### THE PROBLEM
Every line of the listing that follows must be written out unchanged.

### DATASET ENTRIES
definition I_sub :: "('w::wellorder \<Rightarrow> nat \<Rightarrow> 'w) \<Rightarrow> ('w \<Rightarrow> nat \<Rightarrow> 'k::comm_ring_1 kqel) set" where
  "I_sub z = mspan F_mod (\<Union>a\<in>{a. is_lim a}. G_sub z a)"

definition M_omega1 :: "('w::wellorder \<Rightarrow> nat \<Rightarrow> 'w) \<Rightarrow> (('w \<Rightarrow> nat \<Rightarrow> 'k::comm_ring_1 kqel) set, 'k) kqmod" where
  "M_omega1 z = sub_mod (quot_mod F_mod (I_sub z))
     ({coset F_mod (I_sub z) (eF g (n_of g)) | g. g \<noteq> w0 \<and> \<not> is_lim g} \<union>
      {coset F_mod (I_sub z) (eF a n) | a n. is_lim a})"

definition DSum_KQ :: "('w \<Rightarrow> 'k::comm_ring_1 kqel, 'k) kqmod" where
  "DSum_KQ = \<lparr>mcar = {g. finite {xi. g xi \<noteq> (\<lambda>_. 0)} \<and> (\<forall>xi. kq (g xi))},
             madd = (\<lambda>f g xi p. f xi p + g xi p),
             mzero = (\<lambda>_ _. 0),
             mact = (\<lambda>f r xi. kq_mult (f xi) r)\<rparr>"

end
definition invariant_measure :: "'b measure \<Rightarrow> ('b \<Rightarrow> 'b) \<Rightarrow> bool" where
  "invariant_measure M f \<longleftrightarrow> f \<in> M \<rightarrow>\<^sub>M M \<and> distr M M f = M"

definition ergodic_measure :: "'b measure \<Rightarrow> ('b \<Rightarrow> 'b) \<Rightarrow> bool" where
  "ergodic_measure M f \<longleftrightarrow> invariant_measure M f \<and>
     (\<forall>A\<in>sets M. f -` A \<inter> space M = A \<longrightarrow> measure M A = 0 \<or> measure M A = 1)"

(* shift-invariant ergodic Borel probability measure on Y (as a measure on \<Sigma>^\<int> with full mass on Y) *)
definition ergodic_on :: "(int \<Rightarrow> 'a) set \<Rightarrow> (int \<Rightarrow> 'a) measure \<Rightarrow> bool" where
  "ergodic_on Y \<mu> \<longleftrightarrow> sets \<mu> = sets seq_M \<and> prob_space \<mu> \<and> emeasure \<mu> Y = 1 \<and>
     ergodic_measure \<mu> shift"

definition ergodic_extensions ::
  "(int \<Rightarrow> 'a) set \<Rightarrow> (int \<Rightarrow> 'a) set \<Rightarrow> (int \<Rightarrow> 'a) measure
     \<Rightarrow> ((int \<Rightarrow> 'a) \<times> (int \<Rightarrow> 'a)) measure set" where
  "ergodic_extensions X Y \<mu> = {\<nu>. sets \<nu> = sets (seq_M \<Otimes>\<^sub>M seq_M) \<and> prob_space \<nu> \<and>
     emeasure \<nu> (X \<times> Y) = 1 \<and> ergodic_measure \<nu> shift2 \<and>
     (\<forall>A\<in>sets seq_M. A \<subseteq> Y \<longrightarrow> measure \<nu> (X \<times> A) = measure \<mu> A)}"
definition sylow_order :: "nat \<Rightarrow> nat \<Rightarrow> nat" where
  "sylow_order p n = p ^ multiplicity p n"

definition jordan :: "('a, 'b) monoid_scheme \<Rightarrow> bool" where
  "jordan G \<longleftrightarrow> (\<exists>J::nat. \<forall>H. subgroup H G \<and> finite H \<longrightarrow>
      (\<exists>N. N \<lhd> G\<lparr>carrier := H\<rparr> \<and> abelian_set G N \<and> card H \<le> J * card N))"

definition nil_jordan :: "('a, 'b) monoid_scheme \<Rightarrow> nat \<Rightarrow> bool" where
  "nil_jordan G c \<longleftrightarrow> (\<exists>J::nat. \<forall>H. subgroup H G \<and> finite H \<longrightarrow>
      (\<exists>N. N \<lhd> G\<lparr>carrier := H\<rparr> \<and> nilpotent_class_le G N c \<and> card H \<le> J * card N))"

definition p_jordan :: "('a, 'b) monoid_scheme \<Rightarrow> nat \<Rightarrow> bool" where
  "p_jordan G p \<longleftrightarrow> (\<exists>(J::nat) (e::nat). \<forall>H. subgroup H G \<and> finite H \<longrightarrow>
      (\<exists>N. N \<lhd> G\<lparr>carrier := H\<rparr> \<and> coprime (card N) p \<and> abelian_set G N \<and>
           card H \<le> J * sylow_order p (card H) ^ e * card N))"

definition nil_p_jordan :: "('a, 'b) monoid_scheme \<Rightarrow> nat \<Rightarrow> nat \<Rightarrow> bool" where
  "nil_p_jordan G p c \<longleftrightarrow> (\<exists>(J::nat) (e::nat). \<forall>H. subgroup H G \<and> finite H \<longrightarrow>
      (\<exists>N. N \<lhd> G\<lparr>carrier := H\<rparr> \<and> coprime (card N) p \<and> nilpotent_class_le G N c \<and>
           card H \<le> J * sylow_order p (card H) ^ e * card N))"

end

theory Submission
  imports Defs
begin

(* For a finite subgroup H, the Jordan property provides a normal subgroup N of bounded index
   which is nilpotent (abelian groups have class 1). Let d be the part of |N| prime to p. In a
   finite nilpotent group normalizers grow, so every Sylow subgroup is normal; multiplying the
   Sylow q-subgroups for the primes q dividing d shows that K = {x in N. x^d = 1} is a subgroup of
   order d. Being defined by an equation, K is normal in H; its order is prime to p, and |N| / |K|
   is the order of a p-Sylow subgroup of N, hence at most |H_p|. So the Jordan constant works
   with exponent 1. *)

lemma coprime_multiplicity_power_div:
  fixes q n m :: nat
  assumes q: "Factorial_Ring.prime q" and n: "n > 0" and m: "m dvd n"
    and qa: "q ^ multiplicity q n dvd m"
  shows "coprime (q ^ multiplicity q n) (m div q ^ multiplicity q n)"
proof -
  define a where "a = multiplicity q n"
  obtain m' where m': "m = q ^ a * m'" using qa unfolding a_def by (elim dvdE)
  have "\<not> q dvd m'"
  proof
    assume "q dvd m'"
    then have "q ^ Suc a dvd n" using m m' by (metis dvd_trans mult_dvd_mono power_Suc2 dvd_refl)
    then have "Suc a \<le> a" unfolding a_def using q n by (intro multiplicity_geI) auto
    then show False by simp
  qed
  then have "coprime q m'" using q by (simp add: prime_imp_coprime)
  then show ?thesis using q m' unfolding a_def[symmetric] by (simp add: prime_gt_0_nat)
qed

### TASK RESPONSE
definition I_sub :: "('w::wellorder \<Rightarrow> nat \<Rightarrow> 'w) \<Rightarrow> ('w \<Rightarrow> nat \<Rightarrow> 'k::comm_ring_1 kqel) set" where
  "I_sub z = mspan F_mod (\<Union>a\<in>{a. is_lim a}. G_sub z a)"

definition M_omega1 :: "('w::wellorder \<Rightarrow> nat \<Rightarrow> 'w) \<Rightarrow> (('w \<Rightarrow> nat \<Rightarrow> 'k::comm_ring_1 kqel) set, 'k) kqmod" where
  "M_omega1 z = sub_mod (quot_mod F_mod (I_sub z))
     ({coset F_mod (I_sub z) (eF g (n_of g)) | g. g \<noteq> w0 \<and> \<not> is_lim g} \<union>
      {coset F_mod (I_sub z) (eF a n) | a n. is_lim a})"

definition DSum_KQ :: "('w \<Rightarrow> 'k::comm_ring_1 kqel, 'k) kqmod" where
  "DSum_KQ = \<lparr>mcar = {g. finite {xi. g xi \<noteq> (\<lambda>_. 0)} \<and> (\<forall>xi. kq (g xi))},
             madd = (\<lambda>f g xi p. f xi p + g xi p),
             mzero = (\<lambda>_ _. 0),
             mact = (\<lambda>f r xi. kq_mult (f xi) r)\<rparr>"

end
definition invariant_measure :: "'b measure \<Rightarrow> ('b \<Rightarrow> 'b) \<Rightarrow> bool" where
  "invariant_measure M f \<longleftrightarrow> f \<in> M \<rightarrow>\<^sub>M M \<and> distr M M f = M"

definition ergodic_measure :: "'b measure \<Rightarrow> ('b \<Rightarrow> 'b) \<Rightarrow> bool" where
  "ergodic_measure M f \<longleftrightarrow> invariant_measure M f \<and>
     (\<forall>A\<in>sets M. f -` A \<inter> space M = A \<longrightarrow> measure M A = 0 \<or> measure M A = 1)"

(* shift-invariant ergodic Borel probability measure on Y (as a measure on \<Sigma>^\<int> with full mass on Y) *)
definition ergodic_on :: "(int \<Rightarrow> 'a) set \<Rightarrow> (int \<Rightarrow> 'a) measure \<Rightarrow> bool" where
  "ergodic_on Y \<mu> \<longleftrightarrow> sets \<mu> = sets seq_M \<and> prob_space \<mu> \<and> emeasure \<mu> Y = 1 \<and>
     ergodic_measure \<mu> shift"

definition ergodic_extensions ::
  "(int \<Rightarrow> 'a) set \<Rightarrow> (int \<Rightarrow> 'a) set \<Rightarrow> (int \<Rightarrow> 'a) measure
     \<Rightarrow> ((int \<Rightarrow> 'a) \<times> (int \<Rightarrow> 'a)) measure set" where
  "ergodic_extensions X Y \<mu> = {\<nu>. sets \<nu> = sets (seq_M \<Otimes>\<^sub>M seq_M) \<and> prob_space \<nu> \<and>
     emeasure \<nu> (X \<times> Y) = 1 \<and> ergodic_measure \<nu> shift2 \<and>
     (\<forall>A\<in>sets seq_M. A \<subseteq> Y \<longrightarrow> measure \<nu> (X \<times> A) = measure \<mu> A)}"
definition sylow_order :: "nat \<Rightarrow> nat \<Rightarrow> nat" where
  "sylow_order p n = p ^ multiplicity p n"

definition jordan :: "('a, 'b) monoid_scheme \<Rightarrow> bool" where
  "jordan G \<longleftrightarrow> (\<exists>J::nat. \<forall>H. subgroup H G \<and> finite H \<longrightarrow>
      (\<exists>N. N \<lhd> G\<lparr>carrier := H\<rparr> \<and> abelian_set G N \<and> card H \<le> J * card N))"

definition nil_jordan :: "('a, 'b) monoid_scheme \<Rightarrow> nat \<Rightarrow> bool" where
  "nil_jordan G c \<longleftrightarrow> (\<exists>J::nat. \<forall>H. subgroup H G \<and> finite H \<longrightarrow>
      (\<exists>N. N \<lhd> G\<lparr>carrier := H\<rparr> \<and> nilpotent_class_le G N c \<and> card H \<le> J * card N))"

definition p_jordan :: "('a, 'b) monoid_scheme \<Rightarrow> nat \<Rightarrow> bool" where
  "p_jordan G p \<longleftrightarrow> (\<exists>(J::nat) (e::nat). \<forall>H. subgroup H G \<and> finite H \<longrightarrow>
      (\<exists>N. N \<lhd> G\<lparr>carrier := H\<rparr> \<and> coprime (card N) p \<and> abelian_set G N \<and>
           card H \<le> J * sylow_order p (card H) ^ e * card N))"

definition nil_p_jordan :: "('a, 'b) monoid_scheme \<Rightarrow> nat \<Rightarrow> nat \<Rightarrow> bool" where
  "nil_p_jordan G p c \<longleftrightarrow> (\<exists>(J::nat) (e::nat). \<forall>H. subgroup H G \<and> finite H \<longrightarrow>
      (\<exists>N. N \<lhd> G\<lparr>carrier := H\<rparr> \<and> coprime (card N) p \<and> nilpotent_class_le G N c \<and>
           card H \<le> J * sylow_order p (card H) ^ e * card N))"

end

theory Submission
  imports Defs
begin

(* For a finite subgroup H, the Jordan property provides a normal subgroup N of bounded index
   which is nilpotent (abelian groups have class 1). Let d be the part of |N| prime to p. In a
   finite nilpotent group normalizers grow, so every Sylow subgroup is normal; multiplying the
   Sylow q-subgroups for the primes q dividing d shows that K = {x in N. x^d = 1} is a subgroup of
   order d. Being defined by an equation, K is normal in H; its order is prime to p, and |N| / |K|
   is the order of a p-Sylow subgroup of N, hence at most |H_p|. So the Jordan constant works
   with exponent 1. *)

lemma coprime_multiplicity_power_div:
  fixes q n m :: nat
  assumes q: "Factorial_Ring.prime q" and n: "n > 0" and m: "m dvd n"
    and qa: "q ^ multiplicity q n dvd m"
  shows "coprime (q ^ multiplicity q n) (m div q ^ multiplicity q n)"
proof -
  define a where "a = multiplicity q n"
  obtain m' where m': "m = q ^ a * m'" using qa unfolding a_def by (elim dvdE)
  have "\<not> q dvd m'"
  proof
    assume "q dvd m'"
    then have "q ^ Suc a dvd n" using m m' by (metis dvd_trans mult_dvd_mono power_Suc2 dvd_refl)
    then have "Suc a \<le> a" unfolding a_def using q n by (intro multiplicity_geI) auto
    then show False by simp
  qed
  then have "coprime q m'" using q by (simp add: prime_imp_coprime)
  then show ?thesis using q m' unfolding a_def[symmetric] by (simp add: prime_gt_0_nat)
qed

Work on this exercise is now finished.